▶ What is required
The records should be restated exactly from their first line through the line with "obtain b' where" in it.

============

lemma diamond_par_rstep_rsteps:
  assumes "C \<subseteq> R" and "CR C"
  shows "(par_rstep R O (rstep C)\<^sup>*)\<inverse> O (par_rstep R O (rstep C)\<^sup>*) \<subseteq>
    (par_rstep R O (rstep C)\<^sup>*) O (par_rstep R O (rstep C)\<^sup>*)\<inverse>"
proof (rule subrelI)
  fix t u assume "(t, u) \<in> (par_rstep R O (rstep C)\<^sup>*)\<inverse> O (par_rstep R O (rstep C)\<^sup>*)"
  then obtain s t0 u0 where t0: "(s, t0) \<in> par_rstep R" "(t0, t) \<in> (rstep C)\<^sup>*"
    and u0: "(s, u0) \<in> par_rstep R" "(u0, u) \<in> (rstep C)\<^sup>*"
    by blast
  obtain a b where ab: "(t0, a) \<in> par_rstep R" "(a, b) \<in> conv C" "(u0, b) \<in> par_rstep R"
    using par_peak[OF order_refl order_refl t0(1) u0(1)] by blast
  obtain a' where a': "(t, a') \<in> par_rstep R" "(a, a') \<in> conv C"
    using rsteps_par_rstep_commute[OF assms(1) t0(2) ab(1)] by blast
  obtain b' where b': "(u, b') \<in> par_rstep R" "(b, b') \<in> conv C"
    using rsteps_par_rstep_commute[OF assms(1) u0(2) ab(3)] by blast
  have "(a', b') \<in> conv C"
    using a'(2) ab(2) b'(2) by (meson conv_sym conv_trans)
  then obtain v where "(a', v) \<in> (rstep C)\<^sup>*" "(b', v) \<in> (rstep C)\<^sup>*"
    using CR_conv_imp_join[OF assms(2)] by blast
  then show "(t, u) \<in> (par_rstep R O (rstep C)\<^sup>*) O (par_rstep R O (rstep C)\<^sup>*)\<inverse>"
    using a'(1) b'(1) by blast
qed

lemma CR_if_CR_subsystem:
  assumes "C \<subseteq> R" and "CR C"
  shows "CR R"
proof -
  let ?D = "par_rstep R O (rstep C)\<^sup>*"
  have "?D \<subseteq> (rstep R)\<^sup>*"
    using par_rstep_imp_rsteps rtrancl_mono[OF rstep_mono[OF assms(1)]] by fastforce
  moreover have "rstep R \<subseteq> ?D"
    using rstep_imp_par_rstep by fastforce
  ultimately have "?D\<^sup>* = (rstep R)\<^sup>*"
    by (metis rtrancl_idemp rtrancl_mono subset_antisym)
  then show ?thesis
    using diamond_imp_confluent[OF diamond_par_rstep_rsteps[OF assms]]
    unfolding CR_def rtrancl_converse by simp
qed

end

theorem theorem8:
  fixes R :: "('f, 'v) trs"
  assumes "infinite (UNIV :: 'v set)"
    and "wf_trs R"
    and "left_linear R"
    and "\<exists>C \<subseteq> R. CR C \<and> (\<forall>(t, u) \<in> pcp R R. (t, u) \<in> conv C)"
  shows "CR R"
proof -
  obtain C where "C \<subseteq> R" "CR C" and "\<forall>(t, u) \<in> pcp R R. (t, u) \<in> conv C"
    using assms(4) by blast
  then interpret pcp_convertible R C
    using assms(1-3) by unfold_locales
  show ?thesis
    using CR_if_CR_subsystem \<open>C \<subseteq> R\<close> \<open>CR C\<close> by blast
qed

end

============

▶ Your solution
lemma diamond_par_rstep_rsteps:
  assumes "C \<subseteq> R" and "CR C"
  shows "(par_rstep R O (rstep C)\<^sup>*)\<inverse> O (par_rstep R O (rstep C)\<^sup>*) \<subseteq>
    (par_rstep R O (rstep C)\<^sup>*) O (par_rstep R O (rstep C)\<^sup>*)\<inverse>"
proof (rule subrelI)
  fix t u assume "(t, u) \<in> (par_rstep R O (rstep C)\<^sup>*)\<inverse> O (par_rstep R O (rstep C)\<^sup>*)"
  then obtain s t0 u0 where t0: "(s, t0) \<in> par_rstep R" "(t0, t) \<in> (rstep C)\<^sup>*"
    and u0: "(s, u0) \<in> par_rstep R" "(u0, u) \<in> (rstep C)\<^sup>*"
    by blast
  obtain a b where ab: "(t0, a) \<in> par_rstep R" "(a, b) \<in> conv C" "(u0, b) \<in> par_rstep R"
    using par_peak[OF order_refl order_refl t0(1) u0(1)] by blast
  obtain a' where a': "(t, a') \<in> par_rstep R" "(a, a') \<in> conv C"
    using rsteps_par_rstep_commute[OF assms(1) t0(2) ab(1)] by blast
  obtain b' where b': "(u, b') \<in> par_rstep R" "(b, b') \<in> conv C"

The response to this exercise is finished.